By Eunice Hilda Ampomah, GNA

Accra, Aug.18, GNA – Dr DaCosta Aboagye, the leader of the Risk Communication for COVID-19 National Response Team, has cautioned the public against being complacent over the news that the infection rate has reduced.

Currently there are no record of COVID-19 cases in the North East, Savannah, Upper East, and Upper West regions.

The Greater Accra, Ashanti, Central, Eastern, and Western regions continue to lead with the highest number of active cases.

A total of 40,796 persons out of 42,993 confirmed cases have recovered from the virus, indicating an improvement in recovery rate from 89.5 per cent to 95.1 per cent in three weeks.

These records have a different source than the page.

lemma orthonormal_series_inner_has_sum:
  assumes "(\<lambda>i. (c i)\<^sup>2) summable_on I"
  shows "((\<lambda>i. c i * inner (u i) z) has_sum inner (\<Sum>\<^sub>\<infinity>i\<in>I. c i *\<^sub>R u i) z) I"
  using has_sum_bounded_linear[OF bounded_linear_inner_left
          has_sum_infsum[OF orthonormal_series_summable[OF assms]], of z]
  by simp

lemma orthonormal_series_coeff:
  assumes c: "(\<lambda>i. (c i)\<^sup>2) summable_on I" and j: "j \<in> I"
  shows "inner (\<Sum>\<^sub>\<infinity>i\<in>I. c i *\<^sub>R u i) (u j) = c j"
proof -
  have "((\<lambda>i. c i * inner (u i) (u j)) has_sum c j) I"
    using has_sum_indicator_single[OF j, of "c j"] on j
    by (subst has_sum_cong[where g="\<lambda>i. if i = j then c j else 0"]) (auto simp: orthonormal_on_def)
  with orthonormal_series_inner_has_sum[OF c] show ?thesis
    using has_sum_unique by blast
qed

lemma orthonormal_series_norm_sq:
  assumes c: "(\<lambda>i. (c i)\<^sup>2) summable_on I"
  shows "(norm (\<Sum>\<^sub>\<infinity>i\<in>I. c i *\<^sub>R u i))\<^sup>2 = (\<Sum>\<^sub>\<infinity>i\<in>I. (c i)\<^sup>2)"
proof -
  define s where "s = (\<Sum>\<^sub>\<infinity>i\<in>I. c i *\<^sub>R u i)"
  have "((\<lambda>i. c i * inner (u i) s) has_sum inner s s) I"
    unfolding s_def by (rule orthonormal_series_inner_has_sum[OF c])
  moreover have "c i * inner (u i) s = (c i)\<^sup>2" if "i \<in> I" for i
    using orthonormal_series_coeff[OF c that] by (simp add: s_def inner_commute power2_eq_square)
  ultimately have "((\<lambda>i. (c i)\<^sup>2) has_sum inner s s) I"
    by (subst (asm) has_sum_cong) auto
  thus ?thesis by (simp add: s_def power2_norm_eq_inner infsumI)
qed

Dr Da Costa Aboagye, who is also the Director of Health Promotion, Ghana Health Service, in an interview with the Ghana News Agency, explained that the reduction in local infections or community spread was due to measures by the Government and stakeholders to ensure compliance with the safety protocols.

Despite the rapid reduction in the rate infections, he said the nation was at a critical stage in fighting the pandemic and called for intensified public education and community engagement for fear that citizens might lose guard on the safety protocols, thinking the fight was over.

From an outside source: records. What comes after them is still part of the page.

lemma sum_fibre_card_add_linear:
  fixes F :: "'a::{field,finite} \<Rightarrow> 'a"
  defines "q \<equiv> int (card (UNIV :: 'a set))"
  shows "(\<Sum>b\<in>UNIV - {0}. \<Sum>z\<in>UNIV. int (fibre_card (\<lambda>x. F x + b * x) z))
    = 2 * q\<^sup>2 - q - (\<Sum>z\<in>UNIV. int (fibre_card F z))"
proof -
  have card_vimage: "int (card (G -` {c})) = (\<Sum>x\<in>UNIV. if G x = c then 1 else 0)"
    for G :: "'a \<Rightarrow> 'a" and c
    by (simp add: sum.If_cases vimage_def)
  have "(\<Sum>b\<in>UNIV - {0}. \<Sum>z\<in>UNIV. int (card ((\<lambda>x. F x + b * x) -` {F z + b * z})))
      = (\<Sum>z\<in>UNIV. \<Sum>x\<in>UNIV. \<Sum>b\<in>UNIV - {0}. if F x + b * x = F z + b * z then 1 else 0)"
    unfolding fibre_card_def card_vimage by (subst sum.swap) (simp add: sum.swap[of _ "UNIV - {0}"])
  also have "\<dots> = (\<Sum>z\<in>UNIV. \<Sum>x\<in>UNIV. (if x = z then q - 1 else 0) + (1 - (if F x = F z then 1 else 0)))"
  proof (intro sum.cong refl)
    fix x z
    have "(\<Sum>b\<in>UNIV - {0}. if F x + b * x = F z + b * z then 1 else 0)
        = int (card {b \<in> UNIV - {0}. F x + b * x = F z + b * z})"
      by (simp flip: sum.inter_filter)
    then show "(\<Sum>b\<in>UNIV - {0}. if F x + b * x = F z + b * z then 1 else 0)
        = (if x = z then q - 1 else 0) + (1 - (if F x = F z then 1 else 0))"
      unfolding card_colliding_slopes q_def using finite_UNIV_card_ge_0[where 'a = 'a]
      by (simp add: of_nat_diff)
  qed
  also have "\<dots> = 2 * q\<^sup>2 - q - (\<Sum>z\<in>UNIV. int (card (F -` {F z})))"
    by (simp add: fibre_card_def card_vimage sum.distrib sum_subtractf q_def power2_eq_square algebra_simps)
  finally show ?thesis
    by (simp only: fibre_card_def)
qed

lemma diff_1_mult_diff_2_nonneg: "1 \<le> (k :: int) \<Longrightarrow> 0 \<le> (k - 1) * (k - 2)"
  by (cases "k = 1") (simp_all add: mult_nonneg_nonneg)

definition hyperoval_defect :: "('a::{field,finite} \<Rightarrow> 'a) \<Rightarrow> int" where
  "hyperoval_defect F =
    (\<Sum>b\<in>UNIV - {0}. \<Sum>z\<in>UNIV.
       (int (fibre_card (\<lambda>x. F x + b * x) z) - 1) * (int (fibre_card (\<lambda>x. F x + b * x) z) - 2))
    + (\<Sum>z\<in>UNIV. int (fibre_card F z) - 1)"

lemma hyperoval_defect_nonneg: "0 \<le> hyperoval_defect F"
  unfolding hyperoval_defect_def
  by (intro add_nonneg_nonneg sum_nonneg diff_1_mult_diff_2_nonneg)
    (simp_all add: fibre_card_pos Suc_le_eq)

lemma hyperoval_defect_eq_0_iff: "hyperoval_defect F = 0 \<longleftrightarrow> o_polynomial F"
proof -
  let ?N = "\<lambda>b z. int (fibre_card (\<lambda>x. F x + b * x) z)"
  have N_ge_1: "1 \<le> ?N b z" for b z
    by (simp add: fibre_card_pos Suc_le_eq)
  have m_nonneg: "0 \<le> int (fibre_card F z) - 1" for z
    by (simp add: fibre_card_pos Suc_le_eq)
  have inner_nonneg: "0 \<le> (\<Sum>z\<in>UNIV. (?N b z - 1) * (?N b z - 2))" for b
    by (intro sum_nonneg diff_1_mult_diff_2_nonneg N_ge_1)
  have inner: "(\<Sum>z\<in>UNIV. (?N b z - 1) * (?N b z - 2)) = 0 \<longleftrightarrow> (\<forall>z. ?N b z \<le> 2)" for b
  proof -
    have "(\<Sum>z\<in>UNIV. (?N b z - 1) * (?N b z - 2)) = 0 \<longleftrightarrow> (\<forall>z\<in>UNIV. (?N b z - 1) * (?N b z - 2) = 0)"
      by (intro sum_nonneg_eq_0_iff) (auto intro: diff_1_mult_diff_2_nonneg N_ge_1)
    moreover have "(?N b z - 1) * (?N b z - 2) = 0 \<longleftrightarrow> ?N b z \<le> 2" for z
      using N_ge_1[of b z] by auto
    ultimately show ?thesis
      by blast
  qed
  have outer: "(\<Sum>b\<in>UNIV - {0}. \<Sum>z\<in>UNIV. (?N b z - 1) * (?N b z - 2)) = 0 \<longleftrightarrow>
      (\<forall>b\<in>UNIV - {0}. (\<Sum>z\<in>UNIV. (?N b z - 1) * (?N b z - 2)) = 0)"
    by (rule sum_nonneg_eq_0_iff) (simp_all add: inner_nonneg)
  have fibres_F: "(\<Sum>z\<in>UNIV. int (fibre_card F z) - 1) = 0 \<longleftrightarrow> (\<forall>z\<in>UNIV. int (fibre_card F z) - 1 = 0)"
    by (rule sum_nonneg_eq_0_iff) (simp_all only: m_nonneg finite)
  have fibre_F_iff: "int (fibre_card F z) - 1 = 0 \<longleftrightarrow> fibre_card F z \<le> 1" for z
    using fibre_card_pos[of F z] by linarith
  have "hyperoval_defect F = 0 \<longleftrightarrow>
      (\<Sum>b\<in>UNIV - {0}. \<Sum>z\<in>UNIV. (?N b z - 1) * (?N b z - 2)) = 0 \<and> (\<Sum>z\<in>UNIV. int (fibre_card F z) - 1) = 0"
    unfolding hyperoval_defect_def by (intro add_nonneg_eq_0_iff sum_nonneg inner_nonneg m_nonneg)
  also have "\<dots> \<longleftrightarrow>
      (\<forall>z. fibre_card F z \<le> 1) \<and> (\<forall>b. b \<noteq> 0 \<longrightarrow> (\<forall>z. fibre_card (\<lambda>x. F x + b * x) z \<le> 2))"
    unfolding outer fibres_F inner fibre_F_iff by auto
  also have "\<dots> \<longleftrightarrow> o_polynomial F"
    by (simp add: o_polynomial_iff_card_vimage all_fibre_card_le_iff)
  finally show ?thesis .
qed

lemma hyperoval_defect_eq:
  fixes F :: "'a::{field,finite} \<Rightarrow> 'a"
  defines "q \<equiv> int (card (UNIV :: 'a set))"
  shows "hyperoval_defect F = (\<Sum>b\<in>UNIV - {0}. \<Sum>z\<in>UNIV. (int (fibre_card (\<lambda>x. F x + b * x) z))\<^sup>2)
    + 4 * (\<Sum>z\<in>UNIV. int (fibre_card F z)) - 4 * q\<^sup>2"
proof -
  let ?B = "UNIV - {0 :: 'a}"
  let ?N = "\<lambda>b z. int (fibre_card (\<lambda>x. F x + b * x) z)"
  define M where "M = (\<Sum>z\<in>UNIV. int (fibre_card F z))"
  have card_B: "int (card ?B) = q - 1"
    by (simp add: q_def card_Diff_subset of_nat_diff finite_UNIV_card_ge_0 Suc_le_eq)
  have "(\<Sum>b\<in>?B. \<Sum>z\<in>UNIV. (?N b z - 1) * (?N b z - 2))
      = (\<Sum>b\<in>?B. \<Sum>z\<in>UNIV. (?N b z)\<^sup>2 - 3 * ?N b z + 2)"
    by (intro sum.cong refl) (simp add: algebra_simps power2_eq_square)
  also have "\<dots> = (\<Sum>b\<in>?B. \<Sum>z\<in>UNIV. (?N b z)\<^sup>2) - 3 * (\<Sum>b\<in>?B. \<Sum>z\<in>UNIV. ?N b z) + 2 * (q - 1) * q"
    using card_B by (simp add: q_def sum.distrib sum_subtractf sum_distrib_left)
  finally have "hyperoval_defect F
      = (\<Sum>b\<in>?B. \<Sum>z\<in>UNIV. (?N b z)\<^sup>2) - 3 * (2 * q\<^sup>2 - q - M) + 2 * (q - 1) * q + M - q"
    unfolding hyperoval_defect_def M_def sum_fibre_card_add_linear[of F, folded q_def]
    by (simp add: q_def sum_subtractf)
  then show ?thesis
    unfolding M_def by (simp add: algebra_simps power2_eq_square)
qed

section \<open>The additive character of a field of order \<open>2^n\<close>\<close>

definition add_char :: "nat \<Rightarrow> 'a::field \<Rightarrow> int" where
  "add_char n x = (-1) ^ trace_bit n x"

lemma CHAR_eq_2_if_card_eq_power_2:
  assumes "card (UNIV :: 'a::{field,finite} set) = 2 ^ n"
  shows "CHAR('a) = 2"
proof -
  have "prime CHAR('a)"
    by (rule prime_CHAR_semidom) (simp add: finite_imp_CHAR_pos)
  moreover have "CHAR('a) dvd 2 ^ n"
    using CHAR_dvd_CARD[where 'a='a] assms by simp
  ultimately have "CHAR('a) dvd 2"
    using prime_dvd_power_nat by blast
  with \<open>prime CHAR('a)\<close> show ?thesis
    by (metis prime_nat_iff two_is_prime_nat not_prime_1)
qed

lemma power_card_UNIV_eq_self:
  fixes x :: "'a::{field,finite}"
  shows "x ^ card (UNIV :: 'a set) = x"
proof (cases "x = 0")
  case False
  have "(\<Prod>y\<in>UNIV - {0}. x * y) = (\<Prod>y\<in>UNIV - {0}. y)"
    by (rule prod.reindex_bij_witness[of _ "\<lambda>y. y / x" "\<lambda>y. x * y"]) (use False in auto)
  then have "x ^ card (UNIV - {0 :: 'a}) = 1"
    by (simp add: prod.distrib)
  moreover have "card (UNIV :: 'a set) = Suc (card (UNIV - {0 :: 'a}))"
    using card_Suc_Diff1[of UNIV "0 :: 'a"] by simp
  ultimately show ?thesis
    by (metis mult_1 power_Suc2)
qed (simp add: finite_UNIV_card_ge_0)

lemma abs_trace_add:
  fixes x y :: "'a::field"
  assumes "CHAR('a) = 2"
  shows "abs_trace n (x + y) = abs_trace n x + abs_trace n y"
  unfolding abs_trace_def
  by (simp add: freshmans_dream'[of "2 ^ _"] assms sum.distrib)

lemma abs_trace_0 [simp]: "abs_trace n (0 :: 'a::field) = 0"
  by (simp add: abs_trace_def zero_power)


context
  fixes n :: nat
  assumes card_UNIV: "card (UNIV :: 'a::{field,finite} set) = 2 ^ n"
begin

lemma abs_trace_square: "(abs_trace n x)\<^sup>2 = abs_trace n (x :: 'a)"
proof -
  have char: "CHAR('a) = 2"
    using CHAR_eq_2_if_card_eq_power_2[OF card_UNIV] .
  have "(abs_trace n x)\<^sup>2 = (\<Sum>i<n. (x ^ 2 ^ i)\<^sup>2)"
    unfolding abs_trace_def by (rule freshmans_dream_sum'[where n = 1]) (simp_all add: char)
  also have "\<dots> = (\<Sum>i<n. x ^ 2 ^ Suc i)"
    by (simp add: power_mult[symmetric] mult.commute)
  also have "\<dots> = abs_trace n x"
  proof -
    have "x ^ 2 ^ 0 + (\<Sum>i<n. x ^ 2 ^ Suc i) = (\<Sum>i<n. x ^ 2 ^ i) + x ^ 2 ^ n"
      using sum.lessThan_Suc_shift[of "\<lambda>i. x ^ 2 ^ i" n] sum.lessThan_Suc[of "\<lambda>i. x ^ 2 ^ i" n]
      by argo
    moreover have "x ^ 2 ^ n = x"
      using power_card_UNIV_eq_self[of x] by (simp only: card_UNIV)
    ultimately show ?thesis
      unfolding abs_trace_def by (metis add.commute add_left_cancel power_0 power_one_right)
  qed
  finally show ?thesis .
qed

lemma abs_trace_eq_0_or_1: "abs_trace n (x :: 'a) = 0 \<or> abs_trace n x = 1"
proof -
  have "abs_trace n x * (abs_trace n x - 1) = 0"
    using abs_trace_square[of x] by (simp add: power2_eq_square algebra_simps)
  then show ?thesis
    by simp
qed

lemma add_char_add: "add_char n ((x :: 'a) + y) = add_char n x * add_char n y"
proof -
  have char: "CHAR('a) = 2"
    using CHAR_eq_2_if_card_eq_power_2[OF card_UNIV] .
  then have "(1 :: 'a) + 1 = 0"
    by (metis one_add_one of_nat_CHAR of_nat_numeral)
  then show ?thesis
    using abs_trace_eq_0_or_1[of x] abs_trace_eq_0_or_1[of y]
    unfolding add_char_def trace_bit_def abs_trace_add[OF char] by auto
qed

lemma add_char_0 [simp]: "add_char n (0 :: 'a) = 1"
  by (simp add: add_char_def trace_bit_def)

lemma exists_abs_trace_neq_0: "\<exists>w :: 'a. abs_trace n w \<noteq> 0"
proof (rule ccontr)
  assume "\<not> ?thesis"
  then have trace_0: "abs_trace n (w :: 'a) = 0" for w
    by simp
  have "n \<noteq> 0"
  proof
    assume "n = 0"
    then have "card (UNIV :: 'a set) = 1"
      using card_UNIV by simp
    then show False
      by (metis card_1_singletonE singletonD UNIV_I zero_neq_one)
  qed
  define p :: "'a poly" where "p = (\<Sum>i<n. monom 1 (2 ^ i))"
  have "coeff p 1 = (\<Sum>i<n. if 2 ^ i = (1 :: nat) then 1 else 0)"
    unfolding p_def by (simp add: coeff_sum coeff_monom)
  also have "\<dots> = (\<Sum>i\<in>{0 :: nat}. 1)"
    by (rule sum.mono_neutral_cong_right) (use \<open>n \<noteq> 0\<close> in auto)
  finally have "p \<noteq> 0"
    by auto
  have "degree p \<le> 2 ^ (n - 1)"
    unfolding p_def
  proof (rule degree_sum_le)
    fix i assume "i \<in> {..<n}"
    then have "(2 :: nat) ^ i \<le> 2 ^ (n - 1)"
      by (intro power_increasing) auto
    then show "degree (monom (1 :: 'a) (2 ^ i)) \<le> 2 ^ (n - 1)"
      using degree_monom_le order_trans by blast
  qed simp
  moreover have "{x. poly p x = 0} = UNIV"
    using trace_0 unfolding p_def abs_trace_def by (simp add: poly_sum poly_monom)
  then have "card (UNIV :: 'a set) \<le> degree p"
    using card_poly_roots_bound[OF \<open>p \<noteq> 0\<close>] by simp
  moreover have "(2 :: nat) ^ (n - 1) < 2 ^ n"
    using \<open>n \<noteq> 0\<close> by (intro power_strict_increasing) auto
  ultimately show False
    using card_UNIV by linarith
qed

lemma sum_add_char_mult: "(\<Sum>v\<in>UNIV. add_char n (v * a)) = (if a = (0 :: 'a) then 2 ^ n else 0)"
proof (cases "a = 0")
  case True
  then show ?thesis
    using card_UNIV by simp
next
  case False
  obtain w :: 'a where "abs_trace n w \<noteq> 0"
    using exists_abs_trace_neq_0 by blast
  then have "add_char n w = -1"
    unfolding add_char_def trace_bit_def by simp
  have "(\<Sum>v\<in>UNIV. add_char n (v :: 'a)) = (\<Sum>v\<in>UNIV. add_char n (v + w))"
    by (rule sum.reindex_bij_witness[of _ "\<lambda>y. y + w" "\<lambda>v. v - w"]) auto
  also have "\<dots> = - (\<Sum>v\<in>UNIV. add_char n (v :: 'a))"
    by (simp add: add_char_add \<open>add_char n w = -1\<close> sum_negf)
  finally have "(\<Sum>v\<in>UNIV. add_char n (v :: 'a)) = 0"
    by simp
  moreover have "(\<Sum>v\<in>UNIV. add_char n (v * a)) = (\<Sum>v\<in>UNIV. add_char n (v :: 'a))"
    by (rule sum.reindex_bij_witness[of _ "\<lambda>y. y / a" "\<lambda>v. v * a"]) (use False in auto)
  ultimately show ?thesis
    using False by simp
qed

section \<open>Walsh sums as fibre counts\<close>

lemma walsh_eq_sum_add_char: "walsh n F u v = (\<Sum>x\<in>UNIV. add_char n (v * F x + u * (x :: 'a)))"
  unfolding walsh_def add_char_add by (simp add: add_char_def power_add)

lemma walsh_mult_self_eq: "walsh n F (b * v) v = walsh n (\<lambda>x. F x + b * x) 0 (v :: 'a)"
  unfolding walsh_eq_sum_add_char by (simp add: algebra_simps)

“This is the time we have to intensify public education, community engagements like house-to-house education and make sure that every Ghanaian is adhering to the safety protocols, wearing of face masks, and regular washing of hands for at least 20 seconds with soap under running water”, he cautioned.
Dr Aboagye also advised the public to eat balanced diet especially from local foods to boost their immune system.

“This is the time that every Ghanaian should eat well-balanced diet from local foods and to adhere to all the preventive measure to avoid what we call the second wave. We should not be complacent that the infection rate is reducing and so we will not comply with the safety protocols.”

Dr Aboagye said the fight would be won within communities only if community members played their part to reduce transmission.